We begin our story with young Valentina Ivanova. Now Valentina is a much beloved character already; she debuted in Ms. Furnivall’s first novel, The Russian Concubine as the beloved mother of Lydia Ivanova. But here, we get to go back to the very beginning of Valentina’s life; the time and place where she became the strong, classy, elegant heroine she turned out to be.
She’s seventeen when we begin this story, living on her father’s estate located in Tesovo, Russia in 1910. Her father is a General – a much beloved and trusted minister to Tsar Nicholas II, so she – as well as her family – are looked at by the Russian commoners and hard workers as the enemy in their midst. The Bolshevik’s are readying for their Revolution and they can’t wait to throw these wealthy, illustrious families off their thrones.
Valentina had woken this morning, gotten on her horse, and raced into the woods bordering the estate. Unfortunately, what she sees in the darkness of the mighty trees are men in black hoods, hunters who are there to make sure her father is one of the first to lose his life. They attack Valentina and try with all their might to capture her but she escapes and literally bumps into Liev – the son of her father’s stable master. Off they rush back to the estate, hoping that they can stop the killers and save her family. But just as the house comes into view, a wing is blown to smithereens – the wing that is home to her father’s study. Valentina rushes to the house and finds that it was her young sister Katya who is harmed; the poor girl had woken up and was searching the big window to try and locate her missing sister. The guilt is so immense that Valentina swears upon everyone’s soul that she will protect poor Katya for the rest of her life and make sure that she has a chance to walk again.

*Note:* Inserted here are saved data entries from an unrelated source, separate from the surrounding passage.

lemma image_mult_fgen:
  assumes "b \<noteq> (0::'a::field)" "finite S"
  shows "(\<lambda>y. b * y) ` fgen R S = fgen R ((\<lambda>y. b * y) ` S)"
proof
  have inj: "inj_on (\<lambda>y. b * y) S" using assms(1) by (auto simp: inj_on_def)
  show "(\<lambda>y. b * y) ` fgen R S \<subseteq> fgen R ((\<lambda>y. b * y) ` S)"
  proof
    fix z assume "z \<in> (\<lambda>y. b * y) ` fgen R S"
    then obtain c where c: "z = b * (\<Sum>s\<in>S. c s * s)" "\<forall>s\<in>S. c s \<in> R" unfolding fgen_def by blast
    have "(\<Sum>u\<in>(\<lambda>y. b * y) ` S. c (u / b) * u) = (\<Sum>s\<in>S. c (b * s / b) * (b * s))"
      by (subst sum.reindex[OF inj]) (simp add: o_def)
    also have "\<dots> = z" using assms(1) c(1) by (simp add: sum_distrib_left mult.left_commute)
    finally show "z \<in> fgen R ((\<lambda>y. b * y) ` S)"
      using c(2) assms(1) by (intro fgen_memI[where c="\<lambda>u. c (u / b)"]) auto
  qed
  show "fgen R ((\<lambda>y. b * y) ` S) \<subseteq> (\<lambda>y. b * y) ` fgen R S"
  proof
    fix z assume "z \<in> fgen R ((\<lambda>y. b * y) ` S)"
    then obtain c where c: "z = (\<Sum>u\<in>(\<lambda>y. b * y) ` S. c u * u)" "\<forall>u\<in>(\<lambda>y. b * y) ` S. c u \<in> R"
      unfolding fgen_def by blast
    have "z = (\<Sum>s\<in>S. c (b * s) * (b * s))" using c(1) by (simp add: sum.reindex[OF inj])
    also have "\<dots> = b * (\<Sum>s\<in>S. c (b * s) * s)" by (simp add: sum_distrib_left mult.left_commute)
    finally have "z = b * (\<Sum>s\<in>S. c (b * s) * s)" .
    moreover have "(\<Sum>s\<in>S. c (b * s) * s) \<in> fgen R S"
      using c(2) by (intro fgen_memI[where c="\<lambda>s. c (b * s)"]) auto
    ultimately show "z \<in> (\<lambda>y. b * y) ` fgen R S" by blast
  qed
qed

lemma fsub_fgen: "is_subring R \<Longrightarrow> finite S \<Longrightarrow> fgen R S \<noteq> {0} \<Longrightarrow> fgen R S \<in> fsub R"
  by (auto simp: fsub_def Fbar_def fgen_submod)

lemma fsubE:
  assumes "F \<in> fsub R" obtains S where "finite S" "F = fgen R S"
  using assms by (auto simp: fsub_def)

lemma fsub_Fbar: "F \<in> fsub R \<Longrightarrow> F \<in> Fbar R"
  by (auto simp: fsub_def)

lemma fsub_singleton:
  assumes "is_subring R" "m \<noteq> 0"
  shows "fgen R {m} \<in> fsub R" "m \<in> fgen R {m}"
proof -
  show m: "m \<in> fgen R {m}" using subset_fgen[OF assms(1)] by auto
  then show "fgen R {m} \<in> fsub R" using fsub_fgen[OF assms(1)] assms(2) by auto
qed

lemma fsub_image_mult:
  assumes "is_subring R" "b \<noteq> 0" "G \<in> fsub R"
  shows "(\<lambda>y. b * y) ` G \<in> fsub R"
proof -
  obtain S where S: "finite S" "G = fgen R S" using assms(3) by (rule fsubE)
  obtain g where "g \<in> G" "g \<noteq> 0" using fsub_Fbar[OF assms(3)] by (rule Fbar_obtain_nonzero)
  then have "b * g \<in> (\<lambda>y. b * y) ` G" "b * g \<noteq> 0" using assms(2) by auto
  then have "(\<lambda>y. b * y) ` G \<noteq> {0}" by blast
  then show ?thesis
    using S image_mult_fgen[OF assms(2) S(1)] fsub_fgen[OF assms(1) finite_imageI[OF S(1)]] by simp
qed

lemma fsub_union_upper:
  assumes R: "is_subring R" and M: "is_submod R M"
    and K: "K \<in> fsub R" "K \<subseteq> M" and H: "H \<in> fsub R" "H \<subseteq> M"
  obtains L where "L \<in> fsub R" "K \<subseteq> L" "H \<subseteq> L" "L \<subseteq> M"
proof -
  obtain A where A: "finite A" "K = fgen R A" using K(1) by (rule fsubE)
  obtain B where B: "finite B" "H = fgen R B" using H(1) by (rule fsubE)
  define L where "L = fgen R (A \<union> B)"
  have "A \<union> B \<subseteq> L" unfolding L_def using subset_fgen[OF R, of "A \<union> B"] A B by simp
  then have KL: "K \<subseteq> L" "H \<subseteq> L" using fgen_least[OF fgen_submod[OF R]] A B L_def by auto
  have "A \<union> B \<subseteq> M" using subset_fgen[OF R] A B K H by blast
  then have "L \<subseteq> M" unfolding L_def using fgen_least[OF M] A B by simp
  moreover obtain k where "k \<in> K" "k \<noteq> 0" using fsub_Fbar[OF K(1)] by (rule Fbar_obtain_nonzero)
  then have "L \<noteq> {0}" using KL by blast
  then have "L \<in> fsub R" using fsub_fgen[OF R, of "A \<union> B"] A B L_def by simp
  ultimately show ?thesis using that KL by blast
qed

Time passes and the reader is brought to Valentina’s school, where she sits and plays piano during a recital for the Tsar, himself. During the performance, however, a man that she’s only seen once before in her life – a man who she fell in love with – appears in the performance hall. His name is Jens Friis, and he is a man who wants nothing more than to help the workers in St. Petersburg get more money and better living conditions, even though he is counted among their enemies. What he also wants more than anything is the beautiful Valentina’s heart, who survives on the fire of vengeance and anger churning in her soul.
Jens and Valentina make the most unlikely couple – she being part of the wealthy aristocracy and he being a Danish engineer who doesn’t seem to know who to help. Unfortunately, although Valentina’s heart belongs to the Dane with fiery red hair and green eyes, her society parents push her into a loveless marriage with a ruthless Russian Count in order to make sure she “mixes” with her own kind of society. Meanwhile, with everything else that is going on in her own life, Valentina can feel the anger flowing through the streets while the Tsar and the Duma walk down the road to war.
With everything from the beautiful scenery and landmarks of St. Petersburg, to the well-written heroine who faced down everything from pain and loss to brutality and political upheaval, there wasn’t a dull moment on any page of this book. Delving into the Russian world during that time period is always an extremely interesting experience – watching the downfall of the Tsar and the uprising of the people from Valentina’s perspective was a whole new take on the strange and frightening world back then. Not only that, but the love story will hit you to your very core.
Quill says: The Jewel of St. Petersburg could not be more appropriately named, because it is most certainly a jewel to me. From the locations to the characters, this walk through history is like a movie that you will never want to end. This time period held so many adventures for Valentina, that it was an absolute joy for a reader who’d already fallen in love with her in The Russian Concubine to see how it all began.